GridSearchCV automates the process of tuning hyperparameters and evaluating model performance. When you call `mod.fit(X, y)`, it tries every combination of parameters you specify, using cross-validation to estimate performance for each setting. This way, you don't have to manually split your data or loop over parameter values—GridSearchCV handles it all for you.

In [5]:
mod.fit(X, y)
# Now one this has trained, there is a really interesting property called "cv_results_"
# For every setting and cross-validation, it' keeping track of a couple of numbers
# mod.cv_results_

# You can turn it into a pandas DataFrame
pd.DataFrame(mod.cv_results_)

# Now for every parameter that we have and for every cross-validation split that we have made, we can see how well it did on a certain score and see which one was the best


Unnamed: 0,mean_fit_time,std_fit_time,mean_score_time,std_score_time,param_model__n_neighbors,params,split0_test_score,split1_test_score,split2_test_score,mean_test_score,std_test_score,rank_test_score
0,0.000975,0.000412,0.001133,9.7e-05,1,{'model__n_neighbors': 1},0.226933,0.432998,0.127635,0.262522,0.127179,10
1,0.000661,2.2e-05,0.001193,0.000123,2,{'model__n_neighbors': 2},0.358216,0.409229,0.172294,0.313246,0.101821,9
2,0.000666,0.00011,0.001651,0.000905,3,{'model__n_neighbors': 3},0.413515,0.476651,0.318534,0.4029,0.064986,1
3,0.000746,0.000134,0.001154,9.5e-05,4,{'model__n_neighbors': 4},0.475349,0.402495,0.273014,0.383619,0.083675,7
4,0.000766,2.8e-05,0.00125,4.5e-05,5,{'model__n_neighbors': 5},0.512318,0.347951,0.26259,0.374286,0.103638,8
5,0.000722,0.000102,0.001315,0.000129,6,{'model__n_neighbors': 6},0.533611,0.389504,0.248482,0.390532,0.116406,6
6,0.000641,5.1e-05,0.001164,8.5e-05,7,{'model__n_neighbors': 7},0.544782,0.385199,0.243668,0.391216,0.123003,5
7,0.000672,7.4e-05,0.001342,4.3e-05,8,{'model__n_neighbors': 8},0.589644,0.39465,0.209714,0.398003,0.155124,2
8,0.000593,4e-06,0.001247,0.000208,9,{'model__n_neighbors': 9},0.590352,0.407556,0.185253,0.394387,0.165643,3
9,0.000633,6.3e-05,0.001234,0.000111,10,{'model__n_neighbors': 10},0.61651,0.395077,0.164023,0.39187,0.184741,4


With just a few lines of code, you now have a robust machine learning workflow!

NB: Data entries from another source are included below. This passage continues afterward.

(* Let $A$ be a unital C*-algebra such that $\mathcal C(A)$ satisfies the ascending chain condition: every chain $C_1\subseteq C_2\subseteq C_3\subseteq\cdots$ in $\mathcal C(A)$ stabilizes. Then the topological space $\Sigma_\ast$ is sober (every nonempty irreducible closed subset is the closure of a unique point). In particular, $\Sigma_\ast$ is sober whenever $A$ is finite-dimensional.
   Context: Let $A$ be a unital C*-algebra. $\mathcal C(A)$ is the poset (under inclusion) of commutative C*-subalgebras of $A$ containing the unit of $A$. For $C\in\mathcal C(A)$, $\Sigma_C$ is its Gelfand spectrum; for $C\subseteq C'$ and $\lambda'\in\Sigma_{C'}$, $\lambda'|_C$ is the restriction. Let $\Sigma=\{(C,\lambda)\mid C\in\mathcal C(A),\lambda\in\Sigma_C\}$ and $U_C=\{\lambda\mid(C,\lambda)\in U\}$ for $U\subseteq\Sigma$. The space $\Sigma_\ast$ is $\Sigma$ with the topology in which $U$ is open iff (1) each $U_C$ is open in $\Sigma_C$, and (2) if $\lambda\in U_C$, $C\subseteq C'$ and $\lambda'\in\Sigma_{C'}$ with $\lambda'|_C=\lambda$, then $\lambda'\in U_{C'}$. *)

theory Defs
  imports "HOL-Analysis.Analysis"
begin

class cstar_algebra = banach + real_normed_algebra_1 +
  fixes scaleC :: "complex \<Rightarrow> 'a \<Rightarrow> 'a"
    and adj :: "'a \<Rightarrow> 'a"
  assumes scaleC_of_real: "scaleC (of_real r) x = scaleR r x"
    and scaleC_add_right: "scaleC c (x + y) = scaleC c x + scaleC c y"
    and scaleC_add_left: "scaleC (c + d) x = scaleC c x + scaleC d x"
    and scaleC_scaleC: "scaleC c (scaleC d x) = scaleC (c * d) x"
    and scaleC_one: "scaleC 1 x = x"
    and norm_scaleC: "norm (scaleC c x) = cmod c * norm x"
    and mult_scaleC_left: "scaleC c x * y = scaleC c (x * y)"
    and mult_scaleC_right: "x * scaleC c y = scaleC c (x * y)"
    and adj_adj: "adj (adj x) = x"
    and adj_add: "adj (x + y) = adj x + adj y"
    and adj_mult: "adj (x * y) = adj y * adj x"
    and adj_scaleC: "adj (scaleC c x) = scaleC (cnj c) (adj x)"
    and cstar_identity: "norm (adj x * x) = (norm x)\<^sup>2"

definition comm_csubalg :: "'a::cstar_algebra set \<Rightarrow> bool" where
  "comm_csubalg C \<longleftrightarrow>
     1 \<in> C \<and> closed C \<and>
     (\<forall>x\<in>C. \<forall>y\<in>C. x + y \<in> C \<and> x * y \<in> C \<and> x * y = y * x) \<and>
     (\<forall>c. \<forall>x\<in>C. scaleC c x \<in> C) \<and>
     (\<forall>x\<in>C. adj x \<in> C)"

text \<open>Characters are represented as functions in the product space
  PiE C (\<lambda>_. UNIV), i.e. extensional functions that are undefined
  outside C.\<close>

definition gelfand :: "'a::cstar_algebra set \<Rightarrow> ('a \<Rightarrow> complex) set" where
  "gelfand C = {l \<in> extensional C.
      (\<forall>x\<in>C. \<forall>y\<in>C. l (x + y) = l x + l y \<and> l (x * y) = l x * l y) \<and>
      (\<forall>c. \<forall>x\<in>C. l (scaleC c x) = c * l x) \<and>
      (\<exists>x\<in>C. l x \<noteq> 0)}"

definition gelfand_top :: "'a::cstar_algebra set \<Rightarrow> ('a \<Rightarrow> complex) topology" where
  "gelfand_top C = subtopology (product_topology (\<lambda>_. euclidean) C) (gelfand C)"

definition Sigma_set :: "('a::cstar_algebra set \<times> ('a \<Rightarrow> complex)) set" where
  "Sigma_set = {(C, l). comm_csubalg C \<and> l \<in> gelfand C}"

definition slice :: "('a set \<times> ('a \<Rightarrow> complex)) set \<Rightarrow> 'a set \<Rightarrow> ('a \<Rightarrow> complex) set" where
  "slice U C = {l. (C, l) \<in> U}"

definition Sigma_open :: "('a::cstar_algebra set \<times> ('a \<Rightarrow> complex)) set \<Rightarrow> bool" where
  "Sigma_open U \<longleftrightarrow> U \<subseteq> Sigma_set \<and>
     (\<forall>C. comm_csubalg C \<longrightarrow> openin (gelfand_top C) (slice U C)) \<and>
     (\<forall>C l C' l'. (C, l) \<in> U \<and> comm_csubalg C' \<and> C \<subseteq> C' \<and> l' \<in> gelfand C' \<and>
        restrict l' C = l \<longrightarrow> (C', l') \<in> U)"

lemma Sigma_openI:
  assumes "U \<subseteq> Sigma_set"
    and "\<And>C. comm_csubalg C \<Longrightarrow> openin (gelfand_top C) (slice U C)"
    and "\<And>C l C' l'. (C, l) \<in> U \<Longrightarrow> comm_csubalg C' \<Longrightarrow> C \<subseteq> C' \<Longrightarrow>
           l' \<in> gelfand C' \<Longrightarrow> restrict l' C = l \<Longrightarrow> (C', l') \<in> U"
  shows "Sigma_open U"
  unfolding Sigma_open_def using assms by (intro conjI allI impI) (simp, simp, elim conjE, simp)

If you plan to use scikit-learn regularly, this pattern is essential:

```python
X, y = load_boston(return_X_y=True)

pipe = Pipeline([
    ("scale", StandardScaler()),
    ("model", KNeighborsRegressor(n_neighbors=1))
])

mod = GridSearchCV(
    estimator=pipe,
    param_grid={"model__n_neighbors": [1, 2, 3, 4, 5, 6, 7, 8, 9, 10]},
    cv=3,
    )
```

Try to stick to this fit-predict-pipeline pattern whenever you use scikit-learn. The ability to chain preprocessing and modeling steps, and to tune parameters with cross-validation, is a powerful feature of the library.